**Task statement**
Quote the entries below from the line with "using cyclic_carry_chain_value[OF cyclic_carry_chain_rotate[OF" through the line with "using arg_cong[OF assms(1), of", both ends included, and only those lines.

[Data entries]
-------
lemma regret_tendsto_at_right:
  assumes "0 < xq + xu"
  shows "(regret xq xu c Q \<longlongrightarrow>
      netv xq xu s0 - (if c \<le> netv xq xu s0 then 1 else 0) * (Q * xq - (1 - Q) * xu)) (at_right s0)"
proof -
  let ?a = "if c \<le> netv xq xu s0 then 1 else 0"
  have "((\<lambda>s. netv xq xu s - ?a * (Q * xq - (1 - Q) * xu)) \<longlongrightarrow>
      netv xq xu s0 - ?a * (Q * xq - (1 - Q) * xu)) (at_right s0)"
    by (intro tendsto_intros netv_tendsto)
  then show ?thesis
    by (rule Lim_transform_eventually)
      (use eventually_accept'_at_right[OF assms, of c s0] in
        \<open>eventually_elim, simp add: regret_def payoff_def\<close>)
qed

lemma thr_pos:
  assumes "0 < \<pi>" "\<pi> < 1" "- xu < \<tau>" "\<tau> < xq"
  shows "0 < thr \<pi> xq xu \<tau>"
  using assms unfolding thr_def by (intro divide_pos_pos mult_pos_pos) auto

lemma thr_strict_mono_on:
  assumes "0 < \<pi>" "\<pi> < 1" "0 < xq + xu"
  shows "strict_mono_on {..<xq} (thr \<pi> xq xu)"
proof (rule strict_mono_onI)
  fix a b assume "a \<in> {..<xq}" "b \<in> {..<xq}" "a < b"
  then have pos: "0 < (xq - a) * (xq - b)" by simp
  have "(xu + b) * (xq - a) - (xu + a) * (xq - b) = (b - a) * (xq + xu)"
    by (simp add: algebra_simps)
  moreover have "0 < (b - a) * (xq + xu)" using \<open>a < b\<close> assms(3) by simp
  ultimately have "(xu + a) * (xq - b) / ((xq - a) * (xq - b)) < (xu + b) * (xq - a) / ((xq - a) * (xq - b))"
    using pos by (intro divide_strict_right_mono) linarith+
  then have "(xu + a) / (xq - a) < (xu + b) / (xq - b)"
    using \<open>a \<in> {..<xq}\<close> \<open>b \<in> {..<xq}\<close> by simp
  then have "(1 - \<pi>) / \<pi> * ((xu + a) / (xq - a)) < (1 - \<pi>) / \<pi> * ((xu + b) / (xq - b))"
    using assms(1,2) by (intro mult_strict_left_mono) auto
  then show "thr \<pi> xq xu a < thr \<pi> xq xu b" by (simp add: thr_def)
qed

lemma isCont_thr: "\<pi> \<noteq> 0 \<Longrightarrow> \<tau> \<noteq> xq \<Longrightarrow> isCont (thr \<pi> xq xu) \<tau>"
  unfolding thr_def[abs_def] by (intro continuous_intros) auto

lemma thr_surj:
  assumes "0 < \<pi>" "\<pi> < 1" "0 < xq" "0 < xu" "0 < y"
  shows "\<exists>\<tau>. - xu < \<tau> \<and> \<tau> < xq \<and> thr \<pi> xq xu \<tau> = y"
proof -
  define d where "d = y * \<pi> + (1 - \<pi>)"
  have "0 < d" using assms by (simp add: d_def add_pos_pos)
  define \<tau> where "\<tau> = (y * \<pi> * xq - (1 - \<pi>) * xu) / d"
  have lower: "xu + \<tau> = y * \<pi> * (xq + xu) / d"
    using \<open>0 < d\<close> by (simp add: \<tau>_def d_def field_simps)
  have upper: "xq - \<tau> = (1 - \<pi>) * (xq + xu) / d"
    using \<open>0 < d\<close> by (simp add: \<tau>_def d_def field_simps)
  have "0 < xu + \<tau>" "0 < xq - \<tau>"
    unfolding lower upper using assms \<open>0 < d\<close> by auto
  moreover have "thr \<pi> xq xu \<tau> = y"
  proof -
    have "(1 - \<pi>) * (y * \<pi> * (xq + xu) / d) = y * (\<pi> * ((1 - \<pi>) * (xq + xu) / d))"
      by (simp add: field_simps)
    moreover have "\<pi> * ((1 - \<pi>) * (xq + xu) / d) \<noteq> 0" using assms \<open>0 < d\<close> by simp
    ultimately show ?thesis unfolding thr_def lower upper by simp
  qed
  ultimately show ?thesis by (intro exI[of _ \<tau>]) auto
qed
-------
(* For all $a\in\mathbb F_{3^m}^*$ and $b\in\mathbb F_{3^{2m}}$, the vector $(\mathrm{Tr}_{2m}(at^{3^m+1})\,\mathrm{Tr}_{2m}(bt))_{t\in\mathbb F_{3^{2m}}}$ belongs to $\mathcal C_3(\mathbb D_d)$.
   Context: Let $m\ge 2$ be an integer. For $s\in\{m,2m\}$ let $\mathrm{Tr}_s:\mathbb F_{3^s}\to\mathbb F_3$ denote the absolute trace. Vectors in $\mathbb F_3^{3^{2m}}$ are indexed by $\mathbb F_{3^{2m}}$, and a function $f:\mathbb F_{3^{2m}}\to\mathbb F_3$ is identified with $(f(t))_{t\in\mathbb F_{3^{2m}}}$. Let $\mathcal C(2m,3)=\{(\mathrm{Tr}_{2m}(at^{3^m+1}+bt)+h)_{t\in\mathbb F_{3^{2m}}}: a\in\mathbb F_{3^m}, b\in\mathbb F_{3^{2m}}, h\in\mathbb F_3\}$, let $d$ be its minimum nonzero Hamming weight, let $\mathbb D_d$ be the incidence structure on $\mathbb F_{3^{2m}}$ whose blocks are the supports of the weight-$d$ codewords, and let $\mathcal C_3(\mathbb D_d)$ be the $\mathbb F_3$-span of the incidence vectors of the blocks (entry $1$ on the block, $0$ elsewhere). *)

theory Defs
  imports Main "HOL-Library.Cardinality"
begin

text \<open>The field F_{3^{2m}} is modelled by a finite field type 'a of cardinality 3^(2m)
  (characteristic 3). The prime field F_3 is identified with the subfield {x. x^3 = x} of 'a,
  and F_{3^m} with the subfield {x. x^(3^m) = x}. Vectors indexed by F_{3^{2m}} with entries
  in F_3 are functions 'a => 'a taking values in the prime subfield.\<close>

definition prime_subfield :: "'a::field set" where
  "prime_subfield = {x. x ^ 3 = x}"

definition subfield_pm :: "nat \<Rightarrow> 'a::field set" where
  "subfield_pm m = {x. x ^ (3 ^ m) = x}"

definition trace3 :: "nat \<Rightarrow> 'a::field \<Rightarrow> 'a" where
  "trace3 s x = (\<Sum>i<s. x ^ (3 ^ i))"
-------
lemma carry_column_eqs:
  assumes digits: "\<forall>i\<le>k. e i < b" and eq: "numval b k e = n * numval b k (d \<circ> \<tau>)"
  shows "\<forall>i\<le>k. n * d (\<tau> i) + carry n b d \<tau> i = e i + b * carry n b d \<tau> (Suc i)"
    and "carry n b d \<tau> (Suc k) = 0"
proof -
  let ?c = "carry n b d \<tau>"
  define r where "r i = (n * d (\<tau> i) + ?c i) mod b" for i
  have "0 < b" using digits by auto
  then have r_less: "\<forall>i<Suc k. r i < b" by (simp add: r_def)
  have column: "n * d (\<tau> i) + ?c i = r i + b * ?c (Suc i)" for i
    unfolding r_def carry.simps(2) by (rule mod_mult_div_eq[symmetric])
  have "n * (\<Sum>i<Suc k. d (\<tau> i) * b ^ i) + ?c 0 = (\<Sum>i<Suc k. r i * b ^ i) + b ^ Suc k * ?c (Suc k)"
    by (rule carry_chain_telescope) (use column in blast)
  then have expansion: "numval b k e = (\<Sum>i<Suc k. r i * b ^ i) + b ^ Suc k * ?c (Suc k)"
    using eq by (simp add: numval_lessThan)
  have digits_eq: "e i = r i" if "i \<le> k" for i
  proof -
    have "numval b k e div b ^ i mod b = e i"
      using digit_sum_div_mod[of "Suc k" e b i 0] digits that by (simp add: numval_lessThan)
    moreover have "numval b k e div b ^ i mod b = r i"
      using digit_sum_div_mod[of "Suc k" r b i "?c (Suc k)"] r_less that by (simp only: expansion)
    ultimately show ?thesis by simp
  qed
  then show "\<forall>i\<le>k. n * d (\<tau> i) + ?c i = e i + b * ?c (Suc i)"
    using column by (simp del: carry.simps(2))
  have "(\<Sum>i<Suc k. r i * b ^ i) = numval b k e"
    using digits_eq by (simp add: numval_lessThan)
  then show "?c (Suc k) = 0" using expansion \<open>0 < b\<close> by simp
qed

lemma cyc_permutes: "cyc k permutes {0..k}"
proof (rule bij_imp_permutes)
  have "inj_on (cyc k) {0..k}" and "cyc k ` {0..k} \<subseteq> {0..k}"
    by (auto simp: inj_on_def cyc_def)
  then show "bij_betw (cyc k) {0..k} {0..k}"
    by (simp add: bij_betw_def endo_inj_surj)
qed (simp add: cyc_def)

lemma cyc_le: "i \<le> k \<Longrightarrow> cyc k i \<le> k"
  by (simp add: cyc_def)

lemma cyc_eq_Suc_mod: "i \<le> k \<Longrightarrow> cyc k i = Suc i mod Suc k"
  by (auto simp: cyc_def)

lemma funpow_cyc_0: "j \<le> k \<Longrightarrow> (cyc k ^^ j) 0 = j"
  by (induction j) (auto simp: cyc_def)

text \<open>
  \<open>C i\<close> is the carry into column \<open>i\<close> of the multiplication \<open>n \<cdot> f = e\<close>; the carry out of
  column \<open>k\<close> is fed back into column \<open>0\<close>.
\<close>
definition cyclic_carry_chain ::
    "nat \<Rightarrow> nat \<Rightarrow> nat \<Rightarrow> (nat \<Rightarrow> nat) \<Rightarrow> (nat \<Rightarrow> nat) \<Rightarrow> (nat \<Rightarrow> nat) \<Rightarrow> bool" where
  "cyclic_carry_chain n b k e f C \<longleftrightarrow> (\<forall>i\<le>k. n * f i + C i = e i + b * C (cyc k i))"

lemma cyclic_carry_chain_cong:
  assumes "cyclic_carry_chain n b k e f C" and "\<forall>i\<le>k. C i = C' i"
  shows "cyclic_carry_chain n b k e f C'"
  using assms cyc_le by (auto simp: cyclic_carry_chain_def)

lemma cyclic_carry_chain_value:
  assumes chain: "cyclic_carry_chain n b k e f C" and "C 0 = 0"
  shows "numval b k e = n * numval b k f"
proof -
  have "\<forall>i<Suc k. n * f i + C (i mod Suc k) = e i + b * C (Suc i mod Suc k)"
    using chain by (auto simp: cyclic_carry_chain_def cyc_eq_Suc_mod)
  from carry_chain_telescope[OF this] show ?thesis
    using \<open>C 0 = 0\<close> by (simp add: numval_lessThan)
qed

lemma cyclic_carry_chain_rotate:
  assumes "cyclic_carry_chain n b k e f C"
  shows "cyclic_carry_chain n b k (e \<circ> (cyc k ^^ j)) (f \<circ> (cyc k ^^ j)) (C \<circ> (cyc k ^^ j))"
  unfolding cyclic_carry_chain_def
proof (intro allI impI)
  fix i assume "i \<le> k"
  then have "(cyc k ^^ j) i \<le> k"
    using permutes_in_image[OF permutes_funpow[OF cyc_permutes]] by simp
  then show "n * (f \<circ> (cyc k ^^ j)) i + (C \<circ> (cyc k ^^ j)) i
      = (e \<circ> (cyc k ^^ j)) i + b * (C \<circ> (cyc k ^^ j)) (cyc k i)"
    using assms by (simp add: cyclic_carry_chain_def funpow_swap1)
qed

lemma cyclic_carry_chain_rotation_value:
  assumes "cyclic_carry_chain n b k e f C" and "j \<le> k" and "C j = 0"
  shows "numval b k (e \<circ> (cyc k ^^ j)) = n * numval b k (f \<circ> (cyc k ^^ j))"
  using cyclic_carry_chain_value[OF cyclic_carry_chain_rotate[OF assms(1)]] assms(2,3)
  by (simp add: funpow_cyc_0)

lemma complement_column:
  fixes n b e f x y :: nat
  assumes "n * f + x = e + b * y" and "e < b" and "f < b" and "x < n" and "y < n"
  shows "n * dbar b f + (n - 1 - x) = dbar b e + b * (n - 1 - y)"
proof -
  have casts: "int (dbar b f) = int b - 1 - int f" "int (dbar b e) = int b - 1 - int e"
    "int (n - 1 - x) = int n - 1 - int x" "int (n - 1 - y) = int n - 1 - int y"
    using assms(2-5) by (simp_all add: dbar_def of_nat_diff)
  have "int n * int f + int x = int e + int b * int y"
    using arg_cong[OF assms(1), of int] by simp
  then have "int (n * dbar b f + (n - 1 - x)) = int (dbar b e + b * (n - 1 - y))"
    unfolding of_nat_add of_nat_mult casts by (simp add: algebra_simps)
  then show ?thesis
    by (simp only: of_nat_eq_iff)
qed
-------
**Final answer**
  using cyclic_carry_chain_value[OF cyclic_carry_chain_rotate[OF assms(1)]] assms(2,3)
  by (simp add: funpow_cyc_0)

lemma complement_column:
  fixes n b e f x y :: nat
  assumes "n * f + x = e + b * y" and "e < b" and "f < b" and "x < n" and "y < n"
  shows "n * dbar b f + (n - 1 - x) = dbar b e + b * (n - 1 - y)"
proof -
  have casts: "int (dbar b f) = int b - 1 - int f" "int (dbar b e) = int b - 1 - int e"
    "int (n - 1 - x) = int n - 1 - int x" "int (n - 1 - y) = int n - 1 - int y"
    using assms(2-5) by (simp_all add: dbar_def of_nat_diff)
  have "int n * int f + int x = int e + int b * int y"
    using arg_cong[OF assms(1), of int] by simp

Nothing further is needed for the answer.